What you will do:
Copy each line below that includes "fastforce".

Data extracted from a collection
------------------------------------------------------------------------

lemma ex_sparse_multiples:
  fixes m D b c :: int
  assumes "0 < m" "0 \<le> D"
  shows "\<exists>t. (\<forall>g. m dvd t g) \<and> (\<forall>g\<le>b. t g < c) \<and> (\<forall>g g'. g < g' \<longrightarrow> t g + 2 * D < t g')"
proof -
  obtain \<mu> where "m dvd \<mu>" "\<mu> < c" using ex_multiple_less \<open>0 < m\<close> by blast
  define t where "t g = m * (2 * D + 1) * (g - b) + \<mu>" for g
  have "t g + 2 * D < t g'" if "g < g'" for g g'
  proof -
    have "m * 1 \<le> m * (g' - g)" using that \<open>0 < m\<close> by (intro mult_left_mono) auto
    then have "(2 * D + 1) * 1 \<le> (2 * D + 1) * (m * (g' - g))"
      using \<open>0 < m\<close> \<open>0 \<le> D\<close> by (intro mult_left_mono) linarith+
    then show ?thesis by (simp add: t_def algebra_simps)
  qed
  moreover have "t g < c" if "g \<le> b" for g
  proof -
    have "m * (2 * D + 1) * (g - b) \<le> 0"
      using that \<open>0 < m\<close> \<open>0 \<le> D\<close> by (intro mult_nonneg_nonpos) auto
    with \<open>\<mu> < c\<close> show ?thesis by (simp add: t_def)
  qed
  moreover have "m dvd t g" for g using \<open>m dvd \<mu>\<close> by (simp add: t_def)
  ultimately show ?thesis by blast
qed

lemma sumset_eq_after_replacing_tail:
  fixes m a b L w0 :: int and F T W0 X :: "int set"
  assumes ab: "\<forall>f\<in>F. a \<le> f \<and> f \<le> b"
    and W0: "sumset F W0 = T" and T_dvd: "\<forall>y\<in>T. m dvd y"
    and tail: "\<forall>y. m dvd y \<and> y < L + b \<longrightarrow> y \<in> T"
    and w0: "\<forall>f\<in>F. m dvd (f + w0)"
    and avoid: "\<forall>y. \<exists>f\<in>F. y - f \<notin> X"
  shows "sumset F ({w \<in> W0. L - (b - a) \<le> w} \<union> {w. m dvd (w - w0) \<and> w < L \<and> w \<notin> X}) = T"
    (is "sumset F ?V = T")
proof
  have "f + w \<in> T" if "f \<in> F" "w \<in> ?V" for f w
  proof (cases "w \<in> W0")
    case True
    with that show ?thesis unfolding W0[symmetric] sumset_iff by blast
  next
    case False
    with that have w: "m dvd (w - w0)" "w < L" by auto
    have "f + w = (f + w0) + (w - w0)" by simp
    then have "m dvd (f + w)" using w w0 \<open>f \<in> F\<close> by (metis dvd_add)
    moreover have "f + w < L + b" using w ab \<open>f \<in> F\<close> by fastforce
    ultimately show ?thesis using tail by blast
  qed
  then show "sumset F ?V \<subseteq> T" unfolding sumset_def by blast
next
  show "T \<subseteq> sumset F ?V"
  proof
    fix y assume y: "y \<in> T"
    show "y \<in> sumset F ?V"
    proof (cases "L + a \<le> y")
      case True
      obtain f w where fw: "f \<in> F" "w \<in> W0" "y = f + w"
        using y unfolding W0[symmetric] sumset_iff by blast
      then have "L - (b - a) \<le> w" using True ab by fastforce
      with fw show ?thesis unfolding sumset_iff by blast
    next
      case False
      obtain f where "f \<in> F" "y - f \<notin> X" using avoid by blast
      moreover have "m dvd (y - f - w0)"
        using dvd_diff[of m y "f + w0"] T_dvd y w0 \<open>f \<in> F\<close> by (simp add: diff_diff_eq)
      moreover have "y - f < L" using False ab \<open>f \<in> F\<close> by fastforce
      ultimately have "y - f \<in> ?V" by blast
      then have "f + (y - f) \<in> sumset F ?V" using \<open>f \<in> F\<close> unfolding sumset_iff by blast
      then show ?thesis by simp
    qed
  qed
qed

lemma ex_add_dvd_of_sumset_dvd:
  fixes m :: int and F W :: "int set"
  assumes "\<forall>y\<in>sumset F W. m dvd y" and "sumset F W \<noteq> {}"
  shows "\<exists>w. \<forall>f\<in>F. m dvd (f + w)"
proof -
  obtain w where "w \<in> W" using \<open>sumset F W \<noteq> {}\<close> unfolding sumset_def by blast
  have "m dvd (f + w)" if "f \<in> F" for f
  proof -
    from that \<open>w \<in> W\<close> have "f + w \<in> sumset F W" unfolding sumset_iff by blast
    with assms(1) show ?thesis by blast
  qed
  then show ?thesis by blast
qed

lemma ex_summand_with_private_representatives:
  fixes m L0 :: int and F T W0 :: "int set"
  assumes "0 < m" "finite F" "F \<noteq> {}"
    and W0: "sumset F W0 = T" and T_dvd: "\<forall>y\<in>T. m dvd y"
    and tail: "\<forall>y. m dvd y \<and> y < L0 \<longrightarrow> y \<in> T"
  shows "\<exists>V. sumset F V = T \<and> (\<forall>g\<in>F. \<exists>x. x - g \<in> V \<and> (\<forall>h\<in>F. h \<noteq> g \<longrightarrow> x - h \<notin> V))"
proof -
  define a where "a = Min F"
  define b where "b = Max F"
  define D where "D = b - a"
  have ab: "\<forall>f\<in>F. a \<le> f \<and> f \<le> b" using \<open>finite F\<close> by (simp add: a_def b_def)
  then have diam: "\<forall>f\<in>F. \<forall>h\<in>F. f \<le> h + D" unfolding D_def by (smt (verit))
  have "0 \<le> D" using ab \<open>F \<noteq> {}\<close> D_def by force
  obtain z where "m dvd z" "z < L0" using ex_multiple_less \<open>0 < m\<close> by blast
  with tail W0 have "sumset F W0 \<noteq> {}" by auto
  then obtain w0 where w0: "\<forall>f\<in>F. m dvd (f + w0)"
    using ex_add_dvd_of_sumset_dvd T_dvd W0 by blast
  define L where "L = L0 - b"
  obtain t where t_dvd: "\<forall>g. m dvd t g" and t_lt: "\<forall>g\<le>b. t g < L - D + a"
    and spread: "\<forall>g g'. g < g' \<longrightarrow> t g + 2 * D < t g'"
    using ex_sparse_multiples \<open>0 < m\<close> \<open>0 \<le> D\<close> by blast
  then have spread_F: "\<forall>g\<in>F. \<forall>g'\<in>F. g < g' \<longrightarrow> t g + 2 * D < t g'" by blast
  have forbidden_lt: "x < L - D" if x: "x \<in> forbidden t F" for x
  proof -
    obtain g h where gh: "x = t g - h" "g \<in> F" "h \<in> F"
      using x unfolding forbidden_def by blast
    then have "t g < L - D + a" using t_lt ab by blast
    with gh ab show ?thesis by fastforce
  qed
  \<comment> \<open>Below \<open>L\<close>, the points \<open>t g - h\<close> with \<open>h \<noteq> g\<close> are removed, so that \<open>t g\<close> keeps \<open>g\<close> as
      its only summand from \<open>F\<close>.\<close>
  define V where
    "V = {w \<in> W0. L - D \<le> w} \<union> {w. m dvd (w - w0) \<and> w < L \<and> w \<notin> forbidden t F}"
  have "\<forall>y. m dvd y \<and> y < L + b \<longrightarrow> y \<in> T" using tail L_def by simp
  moreover have "\<forall>y. \<exists>f\<in>F. y - f \<notin> forbidden t F"
    using ex_diff_notin_forbidden[OF \<open>finite F\<close> \<open>F \<noteq> {}\<close> diam spread_F] by blast
  ultimately have "sumset F V = T"
    unfolding V_def D_def by (intro sumset_eq_after_replacing_tail[OF ab W0 T_dvd _ w0])
  moreover have "t g - g \<in> V \<and> (\<forall>h\<in>F. h \<noteq> g \<longrightarrow> t g - h \<notin> V)" if "g \<in> F" for g
  proof (intro conjI ballI impI)
    have "m dvd (t g - g - w0)"
      using dvd_diff[of m "t g" "g + w0"] t_dvd w0 that by (simp add: diff_diff_eq)
    moreover have "t g - g < L" using t_lt ab that \<open>0 \<le> D\<close> by fastforce
    moreover have "t g - g \<notin> forbidden t F"
      using diff_self_notin_forbidden[OF diam spread_F that] .
    ultimately show "t g - g \<in> V" unfolding V_def by blast
  next
    fix h assume "h \<in> F" "h \<noteq> g"
    with that have "t g - h \<in> forbidden t F" unfolding forbidden_def by blast
    with forbidden_lt show "t g - h \<notin> V" unfolding V_def by fastforce
  qed
  ultimately show ?thesis by blast
qed

lemma is_MAC_of_unique_summands:
  fixes C W :: "int set"
  assumes cover: "sumset C W = UNIV"
    and unique: "\<forall>c\<in>C. \<exists>x. \<forall>c'\<in>C. \<forall>w\<in>W. x = c' + w \<longrightarrow> c' = c"
  shows "is_MAC C W"
proof -
  have "sumset C' W \<noteq> UNIV" if C': "C' \<subset> C" for C'
  proof -
    obtain c where "c \<in> C" "c \<notin> C'" using C' by blast
    then obtain x where "\<forall>c'\<in>C. \<forall>w\<in>W. x = c' + w \<longrightarrow> c' = c" using unique by blast
    then have "x \<notin> sumset C' W" using C' \<open>c \<notin> C'\<close> unfolding sumset_iff by blast
    then show ?thesis by blast
  qed
  with cover show ?thesis unfolding is_MAC_def by blast
qed
lemma card_gam_pow_multiples_step:
  assumes "t < s"
  shows "card {y. gam ^ t dvd y} = length T * card {y. gam ^ Suc t dvd y}"
proof -
  let ?f = "\<lambda>(e, y). gam ^ t * e + y"
  have "e = e' \<and> y = y'"
    if "e \<in> set T" "e' \<in> set T" "gam ^ Suc t dvd y" "gam ^ Suc t dvd y'"
      and eq: "gam ^ t * e + y = gam ^ t * e' + y'" for e y e' y'
  proof -
    have "gam ^ t * (e - e') = y' - y"
      using eq by (simp add: algebra_simps)
    moreover have "gam ^ Suc t dvd y' - y"
      using that by (simp add: dvd_diff)
    ultimately have "gam dvd e - e'"
      using gam_dvd_if_gam_pow_Suc_dvd[OF assms] by simp
    then have "e = e'"
      using T_eq_if_gam_dvd_diff that by blast
    with eq show ?thesis
      by simp
  qed
  then have "inj_on ?f (set T \<times> {y. gam ^ Suc t dvd y})"
    by (intro inj_onI) auto
  moreover have "?f ` (set T \<times> {y. gam ^ Suc t dvd y}) = {y. gam ^ t dvd y}"
  proof (intro equalityI subsetI)
    fix z
    assume "z \<in> ?f ` (set T \<times> {y. gam ^ Suc t dvd y})"
    then obtain e y where "z = gam ^ t * e + y" and "gam ^ Suc t dvd y"
      by auto
    moreover from \<open>gam ^ Suc t dvd y\<close> have "gam ^ t dvd y"
      by (rule dvd_trans[rotated]) (simp add: le_imp_power_dvd)
    ultimately show "z \<in> {y. gam ^ t dvd y}"
      by simp
  next
    fix z
    assume "z \<in> {y. gam ^ t dvd y}"
    then obtain x where x: "z = gam ^ t * x"
      by blast
    obtain e where e: "e \<in> set T" "gam dvd (x - e)"
      using ex1_T_representative[of x] by blast
    obtain w where "x - e = gam * w"
      using e(2) by (rule dvdE)
    then have "z = ?f (e, gam ^ Suc t * w)"
      using x by (simp add: algebra_simps)
    moreover have "(e, gam ^ Suc t * w) \<in> set T \<times> {y. gam ^ Suc t dvd y}"
      using e(1) by simp
    ultimately show "z \<in> ?f ` (set T \<times> {y. gam ^ Suc t dvd y})"
      by (rule image_eqI)
  qed
  ultimately have "card {y. gam ^ t dvd y} = card (set T \<times> {y. gam ^ Suc t dvd y})"
    by (metis card_image)
  also have "\<dots> = length T * card {y. gam ^ Suc t dvd y}"
    by (simp add: card_cartesian_product distinct_card[OF distinct_T])
  finally show ?thesis .
qed

lemma card_gam_pow_multiples: "t \<le> s \<Longrightarrow> card {y. gam ^ t dvd y} = length T ^ (s - t)"
proof (induction t rule: inc_induct)
  case base
  then show ?case
    by (simp add: gam_pow_s)
next
  case (step t)
  then have "s - t = Suc (s - Suc t)"
    by simp
  with step show ?case
    by (simp add: card_gam_pow_multiples_step)
qed
(* For every hypothesis class $\mathcal{H} \subseteq \{0,1\}^{\mathcal{X}}$ and every time horizon $T \in \mathbb{N}$, $$\frac{1}{8}\min\Bigl\{\max\Bigl\{\sqrt{(\operatorname{W}(\mathcal{H})-1)\,T},\ \operatorname{L}(\mathcal{H})\Bigr\},\ T\Bigr\} \;\le\; \inf_{\mathcal{A}} \operatorname{M}_{\mathcal{A}}(T,\mathcal{H}) \;\le\; \operatorname{AL}_{\operatorname{W}(\mathcal{H})}(\mathcal{H}) + 2\sqrt{(\operatorname{W}(\mathcal{H})-1)\,T},$$ where the infimum is over all (possibly randomized) online learners operating under apple tasting feedback.
   Context: Online binary classification: over rounds $t=1,\dots,T$, an adversary picks $(x_t,y_t)\in\mathcal{X}\times\{0,1\}$ and reveals $x_t$; the learner $\mathcal{A}$ (possibly randomized) outputs a prediction $\hat y_t=\mathcal{A}(x_t)\in\{0,1\}$ based on the history; under apple tasting feedback the learner observes $y_t$ only if $\hat y_t=1$. In the realizable setting, $\operatorname{M}_{\mathcal{A}}(T,\mathcal{H}) := \sup_{h\in\mathcal{H}}\sup_{x_1,\dots,x_T}\mathbb{E}\bigl[\sum_{t=1}^T \mathbb{1}\{\mathcal{A}(x_t)\neq h(x_t)\}\bigr]$ with $y_t=h(x_t)$, the expectation being over the learner's randomness. Apple Littlestone (AL) tree of width $w\in\mathbb{N}=\{1,2,\dots\}$ and depth $d$: call a binary string $u$ an internal node if $|u|<d$ and $u$ contains fewer than $w$ ones; the tree assigns an instance $x_u\in\mathcal{X}$ to every internal node. A path is a binary string $\sigma$ all of whose proper prefixes are internal nodes but which is not itself an internal node (so either $|\sigma|=d$ or $\sigma$ contains exactly $w$ ones). The tree is shattered by $\mathcal{H}$ if for every path $\sigma$ there is $h\in\mathcal{H}$ with $h(x_{(\sigma_1,\dots,\sigma_{i-1})})=\sigma_i$ for all $i\le|\sigma|$. (When $w\ge d$ this is a complete binary tree of depth $d$, i.e. a Littlestone tree.) The Littlestone dimension $\operatorname{L}(\mathcal{H})$ is the largest $d$ such that a complete binary (Littlestone) tree of depth $d$ is shattered by $\mathcal{H}$ ($\infty$ if arbitrarily large depths are shattered). The Apple Littlestone dimension $\operatorname{AL}_w(\mathcal{H})$ is the largest $d$ such that an AL tree of width $w$ and depth $d$ is shattered by $\mathcal{H}$; it is $\infty$ if arbitrarily large depths occur and $0$ if there is no shattered AL tree of width $w$. The Effective width $\operatorname{W}(\mathcal{H})$ is the smallest $w\in\mathbb{N}$ with $\operatorname{AL}_w(\mathcal{H})<\infty$, and $\infty$ if none exists. *)

theory Defs
  imports "HOL-Probability.Probability"
begin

------------------------------------------------------------------------

Task solution:
    moreover have "f + w < L + b" using w ab \<open>f \<in> F\<close> by fastforce
      then have "L - (b - a) \<le> w" using True ab by fastforce
      moreover have "y - f < L" using False ab \<open>f \<in> F\<close> by fastforce
    with gh ab show ?thesis by fastforce
    moreover have "t g - g < L" using t_lt ab that \<open>0 \<le> D\<close> by fastforce
    with forbidden_lt show "t g - h \<notin> V" unfolding V_def by fastforce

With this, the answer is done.